The Raspberry Pi of sex?’ I ask Andrew.

“That’s exactly what we were going for. That’s our goal. If you look at companies like Sparkfun and Adafruit are the types of companies we’re looking to model ourselves after. We want to provide this open set of resources so that elite hackers or basic hobbyists can get started and do what they want.”

The founders all grew up in what we could loosely call a hacking background. Or as Andrew puts it “we configured some technology to suit our own needs.”

The dream of Comingle and their associates is to create the most defined and interactive virtual and sexual utopia around. It may seem like a lofty ambition, but they’re well on the way. Their philosophy literally offers them no boundaries. If you perform enough trial and error, you get to the heart of the matter much quicker. If everybody’s playing open source, then the possibilities are endless.

I put to Andrew that the hacking backgrounds, the open-sourcing, the taboo (for mainstream purposes) products, the releasing of a technology upon the world with unreal potential. It’s all a bit cyberpunk, is it not? It’s neurological. Going past the body and into what Michael Moorcock and JG Ballard termed the innerspace. It’s an object fallen through a portal from a William Gibson landscape. The meshing of mind, body and digital soul like Olympic rings.

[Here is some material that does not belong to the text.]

(* Let $l\in\mathbb{N}\setminus\{1\}$ and let $(S_i,+)$, $i=1,\dots,l$, be countable adequate commutative partial semigroups. For each $i\in\{1,\dots,l\}$ let $\langle x_{i,n}\rangle_{n=1}^{\infty}$ be an adequate sequence in $S_i$. Let $m,r\in\mathbb{N}$ and suppose $S_1\times S_2\times\cdots\times S_l=\bigcup_{j=1}^{r}D_j$. Then there exist $j\in\{1,\dots,r\}$, for each $i\in\{1,\dots,l-1\}$ a product subsystem $\langle y_{i,n}\rangle_{n=1}^{m}$ of $FS(\langle x_{i,n}\rangle_{n=1}^{\infty})$, and an (infinite) product subsystem $\langle y_{l,n}\rangle_{n=1}^{\infty}$ of $FS(\langle x_{l,n}\rangle_{n=1}^{\infty})$ such that \[ \Big(FS(\langle y_{1,n}\rangle_{n=1}^{m})\times\cdots\times FS(\langle y_{l-1,n}\rangle_{n=1}^{m})\Big)\times FS(\langle y_{l,n}\rangle_{n=1}^{\infty})\subseteq D_j . \]
   Context: A partial semigroup $(S,+)$ is a set with a map $+$ from a subset of $S\times S$ to $S$ such that $(a+b)+c=a+(b+c)$ whenever either side is defined (then both are defined and equal). It is commutative if for all $a,b$, $a+b$ is defined iff $b+a$ is defined, and then they are equal. For $s\in S$, $\varphi(s)=\{t: s+t\text{ defined}\}$; for finite nonempty $H\subseteq S$, $\sigma(H)=\bigcap_{s\in H}\varphi(s)$; $S$ is adequate if all $\sigma(H)\ne\emptyset$. For a sequence $\langle x_n\rangle$, $FS(\langle x_n\rangle_{n=k}^{\infty})$ is the set of sums $\sum_{n\in F}x_n$ over finite nonempty $F\subseteq\{k,k+1,\dots\}$, and $FS(\langle x_n\rangle_{n=1}^{m})$ the set of such sums over nonempty $F\subseteq\{1,\dots,m\}$. A sequence $\langle x_n\rangle_{n=1}^\infty$ in $S$ is adequate if every $\sum_{n\in F}x_n$ ($F$ finite nonempty) is defined and for every finite nonempty $H\subseteq S$ there is $m$ with $FS(\langle x_n\rangle_{n=m}^\infty)\subseteq\sigma(H)$. Given an adequate sequence $\langle y_n\rangle$ and $k\in\mathbb{N}$, a sequence $\langle x_n\rangle_{n=1}^{m}$ (resp. $\langle x_n\rangle_{n=1}^{\infty}$) is a product subsystem of $FS(\langle y_n\rangle_{n=k}^{\infty})$ if there are finite nonempty $H_n\subseteq\mathbb{N}$ with $\min H_1\ge k$, $\max H_n<\min H_{n+1}$ for all relevant $n$, and $x_n=\sum_{t\in H_n}y_t$ for all relevant $n$. *)

theory Defs
  imports Main "HOL-Library.Countable_Set" "HOL-Library.FuncSet"
begin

It’s a link Andrew both welcomes and agrees with.

“We’re totally happy with the comparison! A bunch of us grew up reading science fiction, all that cyberpunk stuff. The headband I told you about earlier… we named that Snow Crash after the Neal Stephenson book. So that’s definitely a vibe that we’re going for, and it’s a future we want to, where people are using all this strange technology but also have control over it and are allowed to sculpt the technology towards their own needs.”

And it’s a future that only bring benefits. What’s on offer is almost limitless potential. The embracing of all skill levels, all types of people, connection and adaptation to your environment. It’s the revolution, baby. You don’t just have to be single to be ready to Comingle.